在他们这种高压填鸭式的训练下,偶虽然写还不行,但看总算小有所成,基本连蒙带猜一道奏折能看个七七八八。反正奏折大多也是套路,许多废话也是一样的,一样的字频率出现的多,自然也就混成熟人了。

偶被人这样迫害,偶不去迫害一下爱新觉罗家那些嚣张的小家伙,偶怎么能心理平衡,所以今儿弘昂那算是撞枪口上了,活该!

老康谁呀?

人千古一帝,拿偶软肋拿的那叫一个准儿,人说了,只要偶学习进步的快,就早点放偶回家去。

娘的,为了那宫外美好的生活,偶拼了。

想当年英语那鸟语六级偶不是咬着牙挺过来了吗?满文好歹也是中国字,万变不离其中,偶能成。

偶本来抱定刻苦学习的坚定思想的,但是等偶抱着一本老康亲手撰写的满文习帖在宫里边溜达边温习,不经意看到一队火器营的士兵扛着枪走过时,偶两眼放光明了。

枪啊,虽然比较落后,比红军当年的步枪都不如,但是好歹也是枪么。

咱当年大学军训也是打过靶的人啊,偶打算去观摩一下火器人的是怎么练习打靶的。

可偶没想到今儿这队人是去教皇子皇孙们打靶去的。

今儿好不容易老康放偶假——虽然仍然让偶复习满文,但是好歹算是不用到御前伺候了,偶还是不要去爱新觉罗家的人跟前晃好了。
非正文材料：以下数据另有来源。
lemma abs_cont_onD:
  assumes "abs_cont_on S f" "0 < e"
  obtains \<delta> where "0 < \<delta>"
    "\<And>(n::nat) u v. (\<forall>i<n. u i \<in> S \<and> v i \<in> S \<and> u i \<le> v i) \<Longrightarrow>
       (\<forall>i<n. \<forall>j<n. i \<noteq> j \<longrightarrow> v i \<le> u j \<or> v j \<le> u i) \<Longrightarrow> (\<Sum>i<n. v i - u i) < \<delta> \<Longrightarrow>
       (\<Sum>i<n. norm (f (v i) - f (u i))) < e"
proof -
  have "\<exists>\<delta>>0. \<forall>(n::nat) (u::nat \<Rightarrow> real) (v::nat \<Rightarrow> real). (\<forall>i<n. u i \<in> S \<and> v i \<in> S \<and> u i \<le> v i) \<and>
       (\<forall>i<n. \<forall>j<n. i \<noteq> j \<longrightarrow> v i \<le> u j \<or> v j \<le> u i) \<and> (\<Sum>i<n. v i - u i) < \<delta> \<longrightarrow>
       (\<Sum>i<n. norm (f (v i) - f (u i))) < e"
    using assms unfolding abs_cont_on_def by blast
  then obtain \<delta> where \<delta>: "0 < \<delta>" and H: "\<forall>(n::nat) (u::nat \<Rightarrow> real) (v::nat \<Rightarrow> real). (\<forall>i<n. u i \<in> S \<and> v i \<in> S \<and> u i \<le> v i) \<and>
       (\<forall>i<n. \<forall>j<n. i \<noteq> j \<longrightarrow> v i \<le> u j \<or> v j \<le> u i) \<and> (\<Sum>i<n. v i - u i) < \<delta> \<longrightarrow>
       (\<Sum>i<n. norm (f (v i) - f (u i))) < e"
    by blast
  show ?thesis by (rule that[OF \<delta>]) (use H in blast)
qed
lemma abs_cont_on_imp_continuous_on:
  assumes "abs_cont_on S f"
  shows "continuous_on S f"
  unfolding continuous_on_iff
proof (intro ballI allI impI)
  fix x e :: real assume x: "x \<in> S" and e: "0 < e"
  obtain \<delta> where \<delta>: "0 < \<delta>"
    and H: "\<And>(n::nat) u v. (\<forall>i<n. u i \<in> S \<and> v i \<in> S \<and> u i \<le> v i) \<Longrightarrow>
       (\<forall>i<n. \<forall>j<n. i \<noteq> j \<longrightarrow> v i \<le> u j \<or> v j \<le> u i) \<Longrightarrow> (\<Sum>i<n. v i - u i) < \<delta> \<Longrightarrow>
       (\<Sum>i<n. norm (f (v i) - f (u i))) < e"
    using abs_cont_onD[OF assms e] by blast
  show "\<exists>d>0. \<forall>y\<in>S. dist y x < d \<longrightarrow> dist (f y) (f x) < e"
  proof (intro exI conjI ballI impI)
    fix y assume y: "y \<in> S" and yx: "dist y x < \<delta>"
    have "max x y - min x y < \<delta>" using yx by (cases "x \<le> y") (auto simp: dist_real_def max_def min_def)
    then have "norm (f (max x y) - f (min x y)) < e"
      using H[of "Suc 0" "\<lambda>_. min x y" "\<lambda>_. max x y"] x y by (simp add: min_def max_def)
    then show "dist (f y) (f x) < e"
      by (cases "x \<le> y") (simp_all add: dist_norm norm_minus_commute max_def min_def)
  qed (rule \<delta>)
qed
有些不甘地抿抿唇,偶握紧了手里的字帖,打算继续边溜达边复习去。

这是个啥事嘛,偶都毕业多久的人了,还得在几百年前的大清朝重新捡起课本,更扯的是老师是千古一帝!

啊,人生啊,那就是个巨大的茶几——上面摆满了杯具!

“额娘。”

丫的,弘昌你的眼神不要那么好,行不?

“十三婶!”

得,暴露了!

“雅竹。”

“爷!”十三竟然在,真惊喜。

十三看看我手里的字帖,掩唇笑了,“又拿满文打发时间呢?”

我瞪他,丫的,今儿算被他打趣到了。偶这明明是受迫害好不好,以前偶自己研究那是打发时间娱乐的,现在这属于政治任务,完不成是有不良后果的。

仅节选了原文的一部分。